If you're figuring out how to build a container, you can prototype commands in an interactive container:

.. tabs::

    .. group-tab:: Apptainer

        .. literalinclude:: assets/interactive_build_apptainer.sh
            :language: shell
            :caption: :download:`interactive_build_apptainer.sh <assets/interactive_build_apptainer.sh>`

    .. group-tab:: Docker
    
        .. literalinclude:: assets/interactive_build_docker.sh
            :caption: :download:`interactive_build_docker.sh <assets/interactive_build_docker.sh>`

Once the dependencies are installed, you can download, build, and install the nbody application with the following commands:

.. code-block:: shell

    # Grab the sample code
    curl -sL https://github.com/NVIDIA/cuda-samples/archive/refs/tags/v12.4.1.tar.gz -o v12.4.1.tar.gz

    # Unpack the tarball
    tar -xzf v12.4.1.tar.gz

    # Build the nbody executable
    cd cuda-samples-12.4.1/Samples/5_Domain_Specific/nbody \
	    && make && mv nbody /usr/local/bin

Wrapping it all up and building the container
##############################################

Your desired starting container and installation commands can be wrapped up into a single file.
Apptainer uses `Definition files <https://apptainer.org/docs/user/main/definition_files.html>`_ and Docker uses `Dockerfiles <https://docs.docker.com/reference/dockerfile/>`_.

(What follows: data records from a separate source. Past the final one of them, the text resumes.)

(* The sequential fan $S_\omega$ is not $L$-selective.
   Context: For spaces $Y$, $X$, a map $\varphi:Y\to\mathcal P(X)\setminus\{\emptyset\}$ is lower semicontinuous (l.s.c.) if $\{y:\varphi(y)\cap U\neq\emptyset\}$ is open in $Y$ for every open $U\subseteq X$; a selection is a map $f:Y\to X$ with $f(y)\in\varphi(y)$ for all $y$. $X$ is $Y$-selective if every l.s.c. map from $Y$ to the nonempty closed subsets of $X$ has a continuous selection; $L$-selective means $(\omega+1)$-selective, with $\omega+1$ carrying the order topology. The sequential fan $S_\omega$ is the quotient of the topological sum of countably many convergent sequences (with limits) obtained by identifying all limit points. *)

theory Defs
  imports "HOL-Analysis.Analysis"
begin

definition lsc_map :: "'a topology \<Rightarrow> 'b topology \<Rightarrow> ('a \<Rightarrow> 'b set) \<Rightarrow> bool" where
  "lsc_map Y X \<phi> \<longleftrightarrow>
     (\<forall>U. openin X U \<longrightarrow> openin Y {y \<in> topspace Y. \<phi> y \<inter> U \<noteq> {}})"

definition selective :: "'a topology \<Rightarrow> 'b topology \<Rightarrow> bool" where
  "selective Y X \<longleftrightarrow>
     (\<forall>\<phi>. (\<forall>y\<in>topspace Y. closedin X (\<phi> y) \<and> \<phi> y \<noteq> {}) \<and> lsc_map Y X \<phi> \<longrightarrow>
        (\<exists>f. continuous_map Y X f \<and> (\<forall>y\<in>topspace Y. f y \<in> \<phi> y)))"

text \<open>omega+1 with the order topology: the type enat with its (order) topology.\<close>
definition omega_plus_one :: "enat topology" where
  "omega_plus_one = euclidean"

definition L_selective :: "'b topology \<Rightarrow> bool" where
  "L_selective X \<longleftrightarrow> selective omega_plus_one X"

definition quotient_topology :: "'a topology \<Rightarrow> ('a \<Rightarrow> 'b) \<Rightarrow> 'b topology" where
  "quotient_topology X q =
     topology (\<lambda>U. U \<subseteq> q ` topspace X \<and> openin X {x \<in> topspace X. q x \<in> U})"

text \<open>Sequential fan: topological sum of countably many convergent sequences with their
  limits (each a copy of omega+1, the limit being \<infinity>), with all limit points identified
  to the single point (0, \<infinity>).\<close>
definition fan_identify :: "nat \<times> enat \<Rightarrow> nat \<times> enat" where
  "fan_identify p = (if snd p = \<infinity> then (0, \<infinity>) else p)"

definition sequential_fan :: "(nat \<times> enat) topology" where
  "sequential_fan = quotient_topology (sum_topology (\<lambda>n::nat. omega_plus_one) UNIV) fan_identify"

end

theory Submission
  imports Defs
begin

text \<open>Send \<open>\<omega>\<close> to the apex and the isolated point \<open>n = \<langle>a, b\<rangle>\<close> (Cantor pairing) to the
  \<open>b\<close>-th point of spine \<open>a + 1\<close> together with the \<open>a\<close>-th point of spine \<open>0\<close>. A neighbourhood
  of the apex contains all but finitely many points of every spine, so it meets all but
  finitely many of these two-point sets: the map is lower semicontinuous.
  A continuous selection \<open>f\<close> would converge to the apex along the isolated points. For fixed
  \<open>a\<close> it cannot always choose the point \<open>a\<close> of spine \<open>0\<close>, since that closed point would be
  hit infinitely often; so it chooses the point \<open>b\<^sub>a\<close> of spine \<open>a + 1\<close> for some \<open>b\<^sub>a\<close>.
  But the points \<open>(a + 1, b\<^sub>a)\<close> form a closed set missing the apex, and \<open>f\<close> hits it infinitely
  often.\<close>

lemma openin_quotient_topology:
  "openin (quotient_topology X q) U \<longleftrightarrow>
     U \<subseteq> q ` topspace X \<and> openin X {x \<in> topspace X. q x \<in> U}"
proof -
  have "istopology (\<lambda>U. U \<subseteq> q ` topspace X \<and> openin X {x \<in> topspace X. q x \<in> U})"
    unfolding istopology_def
  proof (rule conjI; intro allI impI)
    fix S T
    assume S: "S \<subseteq> q ` topspace X \<and> openin X {x \<in> topspace X. q x \<in> S}"
      and T: "T \<subseteq> q ` topspace X \<and> openin X {x \<in> topspace X. q x \<in> T}"
    have eq: "{x \<in> topspace X. q x \<in> S \<inter> T} =
        {x \<in> topspace X. q x \<in> S} \<inter> {x \<in> topspace X. q x \<in> T}"
      by blast
    moreover have "openin X ({x \<in> topspace X. q x \<in> S} \<inter> {x \<in> topspace X. q x \<in> T})"
      using S T by (intro openin_Int) simp_all
    ultimately show "S \<inter> T \<subseteq> q ` topspace X \<and> openin X {x \<in> topspace X. q x \<in> S \<inter> T}"
      using S by (simp only: eq) blast
  next
    fix K
    assume K: "\<forall>U\<in>K. U \<subseteq> q ` topspace X \<and> openin X {x \<in> topspace X. q x \<in> U}"
    have "{x \<in> topspace X. q x \<in> \<Union>K} = (\<Union>U\<in>K. {x \<in> topspace X. q x \<in> U})"
      by blast
    then show "\<Union>K \<subseteq> q ` topspace X \<and> openin X {x \<in> topspace X. q x \<in> \<Union>K}"
      using K by auto
  qed
  then show ?thesis
    by (simp add: quotient_topology_def)
qed

lemma open_enat_singleton: "open {enat n}"
proof (cases n)
  case 0
  then have "{enat n} = {..<enat 1}"
    by (auto elim: less_enatE)
  then show ?thesis by simp
next
  case (Suc m)
  then have "{enat n} = {enat m<..<enat (Suc n)}"
    by (auto elim!: less_enatE)
  then show ?thesis by simp
qed

lemma open_enat_iff: "open (S :: enat set) \<longleftrightarrow> (\<infinity> \<in> S \<longrightarrow> finite {n. enat n \<notin> S})"
proof
  assume "open S"
  show "\<infinity> \<in> S \<longrightarrow> finite {n. enat n \<notin> S}"
  proof
    assume "\<infinity> \<in> S"
    then obtain b where "b < \<infinity>" "{b<..\<infinity>} \<subseteq> S"
      using open_left[OF \<open>open S\<close>, of _ 0] by (metis zero_enat_def enat_ord_code(4))
    then obtain N where "{enat N<..\<infinity>} \<subseteq> S"
      by (metis less_infinityE)
    then have "{n. enat n \<notin> S} \<subseteq> {..N}"
      by (auto simp: subset_eq not_le)
    then show "finite {n. enat n \<notin> S}"
      using finite_subset by blast
  qed
next
  assume cofinite: "\<infinity> \<in> S \<longrightarrow> finite {n. enat n \<notin> S}"
  have finite_part: "open (\<Union>x\<in>S - {\<infinity>}. {x})"
    by (intro open_UN ballI) (auto simp: open_enat_singleton)
  show "open S"
  proof (cases "\<infinity> \<in> S")
    case False
    then have "S = (\<Union>x\<in>S - {\<infinity>}. {x})"
      by auto
    with finite_part show ?thesis
      by simp
  next
    case True
    then obtain N where "\<forall>n\<in>{n. enat n \<notin> S}. n \<le> N"
      using cofinite finite_nat_set_iff_bounded_le by blast
    have "{enat N<..} \<subseteq> S"
    proof
      fix x :: enat
      assume "x \<in> {enat N<..}"
      with True \<open>\<forall>n\<in>{n. enat n \<notin> S}. n \<le> N\<close> show "x \<in> S"
        by (cases x) auto
    qed
    then have "S = (\<Union>x\<in>S - {\<infinity>}. {x}) \<union> {enat N<..}"
      using True by auto
    with finite_part show ?thesis
      by (metis open_Un open_greaterThan)
  qed
qed

lemma topspace_omega_plus_one [simp]: "topspace omega_plus_one = UNIV"
  by (simp add: omega_plus_one_def)

lemma continuous_map_omega_plus_one_cofinite:
  assumes "continuous_map omega_plus_one X f" "openin X U" "f \<infinity> \<in> U"
  shows "finite {n. f (enat n) \<notin> U}"
proof -
  have "open {y. f y \<in> U}"
    using openin_continuous_map_preimage[OF assms(1,2)]
    by (simp add: omega_plus_one_def)
  with assms(3) show ?thesis
    by (simp add: open_enat_iff)
qed

abbreviation fan_apex :: "nat \<times> enat" where
  "fan_apex \<equiv> (0, \<infinity>)"

lemma range_fan_identify: "range fan_identify = {p. snd p = \<infinity> \<longrightarrow> p = fan_apex}"
proof (intro set_eqI iffI)
  fix p :: "nat \<times> enat"
  assume "p \<in> {p. snd p = \<infinity> \<longrightarrow> p = fan_apex}"
  then have "fan_identify p = p"
    by (auto simp: fan_identify_def)
  then show "p \<in> range fan_identify"
    by (metis rangeI)
qed (auto simp: fan_identify_def)

lemma openin_sequential_fan:
  "openin sequential_fan U \<longleftrightarrow>
     U \<subseteq> range fan_identify \<and> (\<forall>m. open {e. fan_identify (m, e) \<in> U})"
  unfolding sequential_fan_def omega_plus_one_def openin_quotient_topology
  by (simp only: openin_sum_topology topspace_sum_topology o_def topspace_euclidean
      UNIV_Times_UNIV subset_UNIV ball_UNIV open_openin UNIV_I mem_Collect_eq simp_thms)

lemma topspace_sequential_fan: "topspace sequential_fan = range fan_identify"
proof (rule subset_antisym)
  show "topspace sequential_fan \<subseteq> range fan_identify"
    using openin_sequential_fan[of "topspace sequential_fan"] by simp
  show "range fan_identify \<subseteq> topspace sequential_fan"
    by (rule openin_subset) (simp add: openin_sequential_fan)
qed

lemma fan_identify_finite [simp]: "fan_identify (m, enat k) = (m, enat k)"
  and fan_identify_infinity [simp]: "fan_identify (m, \<infinity>) = fan_apex"
  by (simp_all add: fan_identify_def)

lemma closedin_sequential_fan:
  "closedin sequential_fan D \<longleftrightarrow>
     D \<subseteq> range fan_identify \<and> (fan_apex \<notin> D \<longrightarrow> (\<forall>m. finite {k. (m, enat k) \<in> D}))"
proof -
  have "{e. fan_identify (m, e) \<in> range fan_identify - D} = {e. fan_identify (m, e) \<notin> D}" for m
    by auto
  then have "openin sequential_fan (range fan_identify - D) \<longleftrightarrow>
      (\<forall>m. fan_apex \<notin> D \<longrightarrow> finite {k. (m, enat k) \<in> D})"
    by (simp add: openin_sequential_fan open_enat_iff)
  then show ?thesis
    by (auto simp: closedin_def topspace_sequential_fan)
qed

lemma closedin_sequential_fan_finite:
  assumes "finite D" "\<forall>p\<in>D. snd p \<noteq> \<infinity>"
  shows "closedin sequential_fan D"
proof -
  have "finite ((\<lambda>k. (m, enat k)) -` D)" for m
    using assms(1) by (rule finite_vimageI) (simp add: inj_def)
  with assms(2) show ?thesis
    by (auto simp: closedin_sequential_fan range_fan_identify vimage_def)
qed

lemma openin_sequential_fan_apex:
  assumes "openin sequential_fan U" "fan_apex \<in> U"
  shows "finite {k. (m, enat k) \<notin> U}"
  using assms by (simp add: openin_sequential_fan open_enat_iff)

definition fan_lsc_map :: "enat \<Rightarrow> (nat \<times> enat) set" where
  "fan_lsc_map y =
     (case y of
        enat n \<Rightarrow> (case prod_decode n of (a, b) \<Rightarrow> {(Suc a, enat b), (0, enat a)})
      | \<infinity> \<Rightarrow> {fan_apex})"

lemma fan_lsc_map_infinity [simp]: "fan_lsc_map \<infinity> = {fan_apex}"
  and fan_lsc_map_prod_encode [simp]:
    "fan_lsc_map (enat (prod_encode (a, b))) = {(Suc a, enat b), (0, enat a)}"
  by (simp_all add: fan_lsc_map_def)

lemma enat_prod_encode_cases:
  obtains "y = \<infinity>" | a b where "y = enat (prod_encode (a, b))"
  by (metis enat.exhaust prod_decode_inverse surj_pair)

lemma fan_lsc_map_nonempty: "fan_lsc_map y \<noteq> {}"
  by (cases y rule: enat_prod_encode_cases) simp_all

lemma closedin_fan_lsc_map: "closedin sequential_fan (fan_lsc_map y)"
proof (cases y rule: enat_prod_encode_cases)
  case 1
  then show ?thesis
    by (simp add: closedin_sequential_fan range_fan_identify)
next
  case (2 a b)
  then show ?thesis
    by (simp add: closedin_sequential_fan_finite)
qed

lemma lsc_fan_lsc_map: "lsc_map omega_plus_one sequential_fan fan_lsc_map"
  unfolding lsc_map_def
proof (intro allI impI)
  fix U
  assume U: "openin sequential_fan U"
  have "finite {n. fan_lsc_map (enat n) \<inter> U = {}}" if "fan_apex \<in> U"
  proof (rule finite_subset)
    show "{n. fan_lsc_map (enat n) \<inter> U = {}} \<subseteq>
        prod_encode ` (SIGMA a:{a. (0, enat a) \<notin> U}. {b. (Suc a, enat b) \<notin> U})"
    proof
      fix n
      assume "n \<in> {n. fan_lsc_map (enat n) \<inter> U = {}}"
      moreover obtain a b where "n = prod_encode (a, b)"
        by (metis prod_decode_inverse surj_pair)
      ultimately show "n \<in> prod_encode ` (SIGMA a:{a. (0, enat a) \<notin> U}. {b. (Suc a, enat b) \<notin> U})"
        by auto
    qed
    show "finite (prod_encode ` (SIGMA a:{a. (0, enat a) \<notin> U}. {b. (Suc a, enat b) \<notin> U}))"
      using openin_sequential_fan_apex[OF U that] by blast
  qed
  then have "open {y. fan_lsc_map y \<inter> U \<noteq> {}}"
    by (simp add: open_enat_iff)
  then show "openin omega_plus_one {y \<in> topspace omega_plus_one. fan_lsc_map y \<inter> U \<noteq> {}}"
    by (simp add: omega_plus_one_def)
qed

lemma continuous_map_omega_plus_one_to_fan_avoids:
  assumes f: "continuous_map omega_plus_one sequential_fan f" "f \<infinity> = fan_apex"
    and D: "closedin sequential_fan D" "fan_apex \<notin> D"
  shows "finite {n. f (enat n) \<in> D}"
proof -
  have "openin sequential_fan (topspace sequential_fan - D)"
    using D(1) by (simp add: closedin_def)
  moreover have "f \<infinity> \<in> topspace sequential_fan - D"
    using f(2) D(2) by (simp add: topspace_sequential_fan range_fan_identify)
  ultimately have "finite {n. f (enat n) \<notin> topspace sequential_fan - D}"
    by (rule continuous_map_omega_plus_one_cofinite[OF f(1)])
  then show ?thesis
    by (rule finite_subset[rotated]) blast
qed

lemma fan_lsc_map_no_continuous_selection:
  assumes f: "continuous_map omega_plus_one sequential_fan f"
    and sel: "\<And>y. f y \<in> fan_lsc_map y"
  shows False
proof -
  have apex: "f \<infinity> = fan_apex"
    using sel[of \<infinity>] by simp
  have infinite_row: "infinite (range (\<lambda>b. prod_encode (a, b)))" for a
    by (rule range_inj_infinite) (simp add: inj_def)
  have "\<exists>b. f (enat (prod_encode (a, b))) = (Suc a, enat b)" for a
  proof (rule ccontr)
    assume "\<nexists>b. f (enat (prod_encode (a, b))) = (Suc a, enat b)"
    then have "f (enat (prod_encode (a, b))) = (0, enat a)" for b
      using sel[of "enat (prod_encode (a, b))"] by auto
    then have "range (\<lambda>b. prod_encode (a, b)) \<subseteq> {n. f (enat n) \<in> {(0, enat a)}}"
      by auto
    moreover have "finite {n. f (enat n) \<in> {(0, enat a)}}"
      by (rule continuous_map_omega_plus_one_to_fan_avoids[OF f apex])
        (simp_all add: closedin_sequential_fan_finite)
    ultimately show False
      using infinite_row finite_subset by blast
  qed
  then obtain b where b: "\<And>a. f (enat (prod_encode (a, b a))) = (Suc a, enat (b a))"
    by metis
  define D where "D = range (\<lambda>a. (Suc a, enat (b a)))"
  have "finite {k. (m, enat k) \<in> D}" for m
    by (rule finite_subset[of _ "{b (m - 1)}"]) (auto simp: D_def)
  moreover have "D \<subseteq> range fan_identify"
    by (auto simp: range_fan_identify D_def)
  ultimately have "closedin sequential_fan D"
    by (simp add: closedin_sequential_fan)
  then have "finite {n. f (enat n) \<in> D}"
    by (rule continuous_map_omega_plus_one_to_fan_avoids[OF f apex]) (auto simp: D_def)
  moreover have "range (\<lambda>a. prod_encode (a, b a)) \<subseteq> {n. f (enat n) \<in> D}"
    using b by (auto simp: D_def)
  moreover have "infinite (range (\<lambda>a. prod_encode (a, b a)))"
    by (rule range_inj_infinite) (simp add: inj_def)
  ultimately show False
    using finite_subset by blast
qed

theorem mainTheorem17:
  shows "\<not> L_selective sequential_fan"
proof
  assume "L_selective sequential_fan"
  then obtain f where f: "continuous_map omega_plus_one sequential_fan f"
    and sel: "\<forall>y\<in>topspace omega_plus_one. f y \<in> fan_lsc_map y"
    unfolding L_selective_def selective_def
    using closedin_fan_lsc_map fan_lsc_map_nonempty lsc_fan_lsc_map by blast
  show False
    by (rule fan_lsc_map_no_continuous_selection[OF f]) (use sel in simp)
qed

end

``exit`` your interactive container instance and ``wget`` your corresponding build file.

.. tabs::

    .. group-tab:: Apptainer

        .. literalinclude:: assets/Definition.nbody
            :caption: :download:`Definition.nbody <assets/Definition.nbody>`

    .. group-tab:: Docker
    
        .. literalinclude:: assets/Dockerfile.nbody
            :caption: :download:`Dockerfile.nbody <assets/Dockerfile.nbody>`

.. note::

    You can either download this file directly or copy and paste into your favorite text editor

You can then build a container named **nbody** from your build script as follows:

.. tabs::

    .. group-tab:: Apptainer

        .. literalinclude:: assets/build_nbody_apptainer.sh
            :caption: :download:`build_nbody_apptainer.sh <assets/build_nbody_apptainer.sh>`

    .. group-tab:: Docker
    
        .. literalinclude:: assets/build_nbody_docker.sh
            :caption: :download:`build_nbody_docker.sh <assets/build_nbody_docker.sh>`

This is a relatively large image, so not only does it take up a lot of space on the filesystem, but it also would take a while to upload to a remote registry for sharing or archive.
Lets instead figure out how to make our final image more space efficient.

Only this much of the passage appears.